My experience with Large Language Models is full of exploration of ideas. I had the model perform a lot of role-playing. Sometimes I made it act as a Marketing Expert, sometimes a Pilot, and sometimes a Curious Kid.

I noticed that the meanings of these roles differed in my head due to my biases, schemas, and memories. Curious, I wondered if the model itself could explain what it perceived a Curious Kid to be. Initially, it replied predictably with, "As a Large Language Model, I don't have perceptions about..." So I clarified by saying, "Describe the characteristics of a Curious Kid," and it responded:

  1. Asks lots of questions: They frequently ask “why,” “how,” and “what if,” often about things adults might overlook.
  2. Eager to explore: They enjoy investigating their surroundings, experimenting with objects, or trying new experiences.
  3. Enjoys problem-solving: Curious kids like puzzles, challenges, and figuring things out on their own.

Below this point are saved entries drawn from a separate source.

(* Assume the standing hypotheses (P) described in the context and let $\epsilon>0$. Then almost surely $$\sup_{\phi\in\mathcal H^{pot}(\epsilon)}\big|\hat P^{(\beta)}_n(\phi)-P^{(\beta)}(\phi)\big|\longrightarrow0\quad\text{as }n\to\infty.$$
   Context: Let $d\in\mathbb N$; $\lambda$ is the restriction of Lebesgue measure to $[0,1]^d$, $G_{\#}\lambda$ the pushforward. $\mu^*$ is a probability measure on $[0,1]^d$ with Lebesgue density $p^*$, $p^*>0$ on $[0,1]^d$, $p^*=0$ outside. Neural networks with architecture $(l_0,\dots,l_L)$ and activation $\sigma$ realize $x_0\mapsto W_Lx_{L-1}+B_L$, $x_k=\sigma(W_kx_{k-1}+B_k)$; ReCU: $\sigma(x)=\max\{x,0\}^3$. $C^{k,\alpha}$ are Hölder spaces on $[0,1]^d$; $A\ge B$ means $A-B$ positive semidefinite; $d_{JS}$ is the Jensen–Shannon divergence. Hypotheses (P): $p^*\in C^{1,\alpha}([0,1]^d,\mathbb R)$ for some $\alpha\in(0,1)$; $\phi^*\in C^{3,\alpha}([0,1]^d,\mathbb R)$ is the Brenier potential with $\mu^*=(\nabla\phi^* )_{\#}\lambda$; $M\in(1,\infty)$ with $\frac1M\operatorname{Id}\le\operatorname{Hess}\phi^*\le M\operatorname{Id}$ on $[0,1]^d$, and $\beta:=1/M$. For each $\epsilon>0$, $\phi_\epsilon$ is a ReCU network with $\frac1{2M}\operatorname{Id}\le\operatorname{Hess}\phi_\epsilon\le2M\operatorname{Id}$ on $[0,1]^d$ and $d_{JS}(\mu^*,(\nabla\phi_\epsilon)_{\#}\lambda)\le\epsilon$, $\mathcal A^\phi(\epsilon)$ is its architecture, $H(\epsilon)=\|\phi_\epsilon\|_{C^{2,1}}$, $\tilde H(\epsilon)\ge H(\epsilon)$ is fixed, and $\mathcal H^{pot}(\epsilon)$ is the set of all ReCU networks $\phi\colon[0,1]^d\to\mathbb R$ with architecture $\mathcal A^\phi(\epsilon)$ and $\|\phi\|_{C^{2,1}([0,1]^d)}\le\tilde H(\epsilon)$. For $\kappa>0$: $P^{(\kappa)}(\phi)=\int_{([0,1]^d)^2}\mathrm{ReLU}\big(\phi(\frac{u+u'}2)-\frac{\phi(u)+\phi(u')}2+\frac\kappa8\|u-u'\|^2\big)du\,du'$ with $\mathrm{ReLU}(x)=\max\{x,0\}$. Let $m\colon\mathbb N\to\mathbb N$ be increasing with $m(n)\to\infty$, and let $U_1,U_2,\dots,U'_1,U'_2,\dots$ be independent random variables uniformly distributed on $[0,1]^d$; the empirical penalty is $\hat P^{(\kappa)}_n(\phi)=\frac1{m(n)}\sum_{j=1}^{m(n)}\mathrm{ReLU}\big(\phi(\frac{U_j+U'_j}2)-\frac{\phi(U_j)+\phi(U'_j)}2+\frac\kappa8\|U_j-U'_j\|^2\big)$. *)

theory Defs
  imports "HOL-Analysis.Analysis" "HOL-Probability.Probability"
begin

abbreviation ucube :: "(real^'d) set" where
  "ucube \<equiv> cbox 0 One"

abbreviation ucube_int :: "(real^'d) set" where
  "ucube_int \<equiv> box 0 One"

fun pderivs :: "'d::finite list \<Rightarrow> (real^'d \<Rightarrow> real) \<Rightarrow> (real^'d \<Rightarrow> real)" where
  "pderivs [] f = f"
| "pderivs (i # is) f = (\<lambda>x. frechet_derivative (pderivs is f) (at x) (axis i 1))"

text \<open>Derivatives are taken in the open cube (values on the boundary are determined by continuity);
  the norm is infinite if f is not continuous on the closed cube or not k times differentiable
  in the open cube.\<close>
definition holder_norm :: "nat \<Rightarrow> real \<Rightarrow> (real^'d::finite \<Rightarrow> real) \<Rightarrow> ereal" where
  "holder_norm k \<alpha> f =
    (if continuous_on ucube f \<and>
        (\<forall>ls::'d list. length ls < k \<longrightarrow> (\<forall>x\<in>ucube_int. pderivs ls f differentiable (at x)))
     then
       (SUP ls\<in>{ls::'d list. length ls \<le> k}.
          SUP x\<in>(if ls = [] then ucube else ucube_int). ereal \<bar>pderivs ls f x\<bar>)
       + (SUP ls\<in>{ls::'d list. length ls = k}.
          SUP p\<in>{p. fst p \<in> (if k = 0 then ucube else ucube_int) \<and>
                     snd p \<in> (if k = 0 then ucube else ucube_int) \<and> fst p \<noteq> snd p}.
            ereal (\<bar>pderivs ls f (fst p) - pderivs ls f (snd p)\<bar> / (dist (fst p) (snd p)) powr \<alpha>))
     else \<infinity>)"

definition holder_space :: "nat \<Rightarrow> real \<Rightarrow> (real^'d::finite \<Rightarrow> real) set" where
  "holder_space k \<alpha> = {f. holder_norm k \<alpha> f < \<infinity>}"

definition hess_form :: "(real^'d::finite \<Rightarrow> real) \<Rightarrow> real^'d \<Rightarrow> real^'d \<Rightarrow> real" where
  "hess_form f x v = (\<Sum>i\<in>UNIV. \<Sum>j\<in>UNIV. v$i * pderivs [i, j] f x * v$j)"
theorem lemma3:
  fixes X :: "(real^'n) set"
    and U :: "(real \<times> (real^'n)) set"
    and V :: "nat \<Rightarrow> (real^'n) set"
    and \<alpha> :: "nat \<Rightarrow> real^'n \<Rightarrow> real"
    and x c xh :: "nat \<Rightarrow> real^'n"
    and L :: "(real^'n) set"
    and k :: nat
  assumes X_ne: "X \<noteq> {}"
    and X_01: "X \<subseteq> {v. \<forall>i. v $ i = 0 \<or> v $ i = 1}"
    and U_cpt: "compact U" and U_ne: "U \<noteq> {}"
    and k_pos: "1 \<le> k"
    and init: "xh 0 \<in> X" "V 1 = {xh 0}"
    and weights: "\<And>j. 1 \<le> j \<Longrightarrow> j \<le> Suc k \<Longrightarrow>
        (\<forall>v\<in>V j. 0 \<le> \<alpha> j v) \<and> (\<Sum>v\<in>V j. \<alpha> j v) = 1
        \<and> x j = (\<Sum>v\<in>V j. \<alpha> j v *\<^sub>R v)
        \<and> c j \<in> subdiff (sd_f U) (x j) \<inter> uminus ` normal_cone (convex hull (V j)) (x j)"
    and lmo: "\<And>j. 1 \<le> j \<Longrightarrow> j \<le> k \<Longrightarrow>
        xh j \<in> X \<and> (\<forall>y\<in>X. c j \<bullet> xh j \<le> c j \<bullet> y)"
    and no_stop: "\<And>j. 1 \<le> j \<Longrightarrow> j \<le> k \<Longrightarrow> c j \<bullet> xh j < c j \<bullet> x j"
    and update: "\<And>j. 1 \<le> j \<Longrightarrow> j \<le> k \<Longrightarrow>
        V (Suc j) = {v \<in> V j. 0 < \<alpha> j v} \<union> {xh j}"
    and L_aff: "affine L" and xk_L: "x k \<in> L"
    and diff: "sd_f U differentiable (at (x k) within L)"
    and dim: "aff_dim (L \<inter> affine hull (V (Suc k))) \<ge> 1"
    and nonorth: "\<exists>d \<in> {y - z | y z. y \<in> L \<inter> affine hull (V (Suc k))
                                   \<and> z \<in> L \<inter> affine hull (V (Suc k))}.
                    \<not> orthogonal (c k) d"
  shows "sd_f U (x (Suc k)) < sd_f U (x k)"
proof -
  let ?f = "sd_f U" and ?S = "{v \<in> V k. 0 < \<alpha> k v}"
  have \<alpha>: "\<forall>v\<in>V k. 0 \<le> \<alpha> k v" "sum (\<alpha> k) (V k) = 1" "x k = (\<Sum>v\<in>V k. \<alpha> k v *\<^sub>R v)"
    and c_sub: "c k \<in> subdiff ?f (x k)"
    and c_cone: "c k \<in> uminus ` normal_cone (convex hull V k) (x k)"
    using weights[of k] k_pos by auto
  note S = convex_combination_support[OF \<alpha>(2,3,1)]
  have flat: "\<forall>v\<in>?S. c k \<bullet> v = c k \<bullet> x k"
    using inner_eq_on_support[OF \<alpha>] neg_normal_cone_convex_hull_le[OF c_cone] by blast
  have V_Suc: "V (Suc k) = insert (xh k) ?S"
    using update[of k] k_pos by auto
  obtain y z where "y \<in> L" "z \<in> L"
    and yz: "y \<in> affine hull V (Suc k)" "z \<in> affine hull V (Suc k)" "c k \<bullet> (y - z) \<noteq> 0"
    using nonorth by (auto simp: orthogonal_def)
  let ?d = "\<lambda>s. s *\<^sub>R (y - z)"
  obtain s where feasible: "eventually (\<lambda>t. x k + t *\<^sub>R ?d s \<in> convex hull V (Suc k)) (at_right 0)"
    and descent: "c k \<bullet> ?d s < 0"
    using exists_feasible_descent_direction[OF S(1) _ S(2,3) flat _ yz[unfolded V_Suc]]
      no_stop[of k] k_pos unfolding V_Suc by auto
  have "x k + t *\<^sub>R ?d s \<in> L" for t
    using mem_affine_3_minus[OF L_aff xk_L \<open>y \<in> L\<close> \<open>z \<in> L\<close>, of "t * s"] by simp
  from eventually_descent_along_line[OF diff this c_sub descent] feasible
  obtain t where "x k + t *\<^sub>R ?d s \<in> convex hull V (Suc k)" "?f (x k + t *\<^sub>R ?d s) < ?f (x k)"
    using eventually_happens'[OF trivial_limit_at_right_real eventually_conj] by blast
  moreover have "c (Suc k) \<in> subdiff ?f (x (Suc k))
      \<inter> uminus ` normal_cone (convex hull V (Suc k)) (x (Suc k))"
    using weights[OF _ order_refl, THEN conjunct2, THEN conjunct2, THEN conjunct2] by simp
  ultimately show ?thesis
    using subdiff_neg_normal_cone_minimal by (meson le_less_trans)
qed

end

  4. Not easily satisfied with simple answers: They often dig deeper, asking follow-up questions to understand more fully.
  5. Observant and attentive: They notice small details and may spot things others miss.
  6. Creative and imaginative: Curiosity often fuels storytelling, imaginative play, and unique ideas.
  7. Willing to take risks: They aren’t afraid to try something new or make mistakes if it leads to discovery.
  8. Self-motivated: They seek information or explore topics without being prompted.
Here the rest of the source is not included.